» **WHAT THE EXERCISE ASKS**
Look through the entries below. Report each line that has the word "classical" in it.

== INPUT DATA

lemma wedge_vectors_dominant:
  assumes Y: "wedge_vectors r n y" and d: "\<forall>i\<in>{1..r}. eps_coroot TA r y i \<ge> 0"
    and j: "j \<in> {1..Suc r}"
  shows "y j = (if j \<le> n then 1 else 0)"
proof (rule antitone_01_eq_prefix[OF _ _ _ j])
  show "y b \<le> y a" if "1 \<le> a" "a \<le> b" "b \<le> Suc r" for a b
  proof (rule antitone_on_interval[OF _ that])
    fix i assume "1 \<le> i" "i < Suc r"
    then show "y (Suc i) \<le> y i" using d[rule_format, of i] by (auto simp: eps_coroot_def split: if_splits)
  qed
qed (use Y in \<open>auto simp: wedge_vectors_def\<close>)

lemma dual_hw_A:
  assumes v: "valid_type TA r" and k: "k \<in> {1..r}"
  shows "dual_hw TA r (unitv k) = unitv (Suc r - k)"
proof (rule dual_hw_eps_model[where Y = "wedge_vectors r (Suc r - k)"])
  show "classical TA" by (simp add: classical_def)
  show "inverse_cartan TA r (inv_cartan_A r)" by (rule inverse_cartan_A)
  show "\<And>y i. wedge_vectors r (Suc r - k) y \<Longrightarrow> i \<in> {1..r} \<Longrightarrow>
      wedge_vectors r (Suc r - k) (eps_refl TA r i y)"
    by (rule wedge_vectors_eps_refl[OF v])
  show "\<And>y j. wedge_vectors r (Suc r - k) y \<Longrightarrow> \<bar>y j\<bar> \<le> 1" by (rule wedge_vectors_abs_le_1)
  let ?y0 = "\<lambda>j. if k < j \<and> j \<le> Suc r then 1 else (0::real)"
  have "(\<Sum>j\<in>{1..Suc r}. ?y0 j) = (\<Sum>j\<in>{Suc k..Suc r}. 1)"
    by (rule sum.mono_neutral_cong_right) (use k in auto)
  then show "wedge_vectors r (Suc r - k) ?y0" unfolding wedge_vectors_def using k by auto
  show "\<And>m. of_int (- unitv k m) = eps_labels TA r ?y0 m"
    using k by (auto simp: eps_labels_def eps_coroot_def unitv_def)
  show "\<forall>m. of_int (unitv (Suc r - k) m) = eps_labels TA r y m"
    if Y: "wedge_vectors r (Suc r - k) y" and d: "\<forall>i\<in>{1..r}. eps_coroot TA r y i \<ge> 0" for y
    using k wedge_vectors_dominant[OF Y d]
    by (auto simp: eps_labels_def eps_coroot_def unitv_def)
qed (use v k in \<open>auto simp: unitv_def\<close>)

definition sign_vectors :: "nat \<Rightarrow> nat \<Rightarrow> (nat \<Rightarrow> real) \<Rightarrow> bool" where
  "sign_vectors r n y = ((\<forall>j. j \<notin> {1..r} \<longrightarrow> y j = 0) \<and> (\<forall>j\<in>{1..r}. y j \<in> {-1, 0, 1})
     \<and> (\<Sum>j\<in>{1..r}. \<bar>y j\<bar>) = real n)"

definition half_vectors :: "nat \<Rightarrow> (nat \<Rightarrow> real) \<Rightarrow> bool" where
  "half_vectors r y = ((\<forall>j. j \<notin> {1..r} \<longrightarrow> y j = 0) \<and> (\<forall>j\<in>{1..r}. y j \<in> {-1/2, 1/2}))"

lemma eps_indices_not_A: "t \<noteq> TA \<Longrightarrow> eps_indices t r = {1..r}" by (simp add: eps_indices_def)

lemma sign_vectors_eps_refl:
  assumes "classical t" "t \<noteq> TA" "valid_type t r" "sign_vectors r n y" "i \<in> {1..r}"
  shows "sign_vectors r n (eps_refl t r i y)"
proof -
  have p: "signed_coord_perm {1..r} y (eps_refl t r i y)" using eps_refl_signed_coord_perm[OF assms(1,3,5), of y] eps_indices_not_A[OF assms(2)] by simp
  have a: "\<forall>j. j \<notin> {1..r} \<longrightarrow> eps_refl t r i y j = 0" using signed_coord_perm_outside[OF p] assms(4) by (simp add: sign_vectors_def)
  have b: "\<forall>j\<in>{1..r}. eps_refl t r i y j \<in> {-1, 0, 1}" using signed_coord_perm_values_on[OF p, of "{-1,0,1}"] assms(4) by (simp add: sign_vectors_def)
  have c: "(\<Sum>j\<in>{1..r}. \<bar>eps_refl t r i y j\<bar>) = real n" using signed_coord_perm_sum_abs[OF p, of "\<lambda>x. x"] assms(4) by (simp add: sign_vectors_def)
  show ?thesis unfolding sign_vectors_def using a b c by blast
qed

====

» **RESPONSE FOR THIS EXERCISE**
  show "classical TA" by (simp add: classical_def)
  assumes "classical t" "t \<noteq> TA" "valid_type t r" "sign_vectors r n y" "i \<in> {1..r}"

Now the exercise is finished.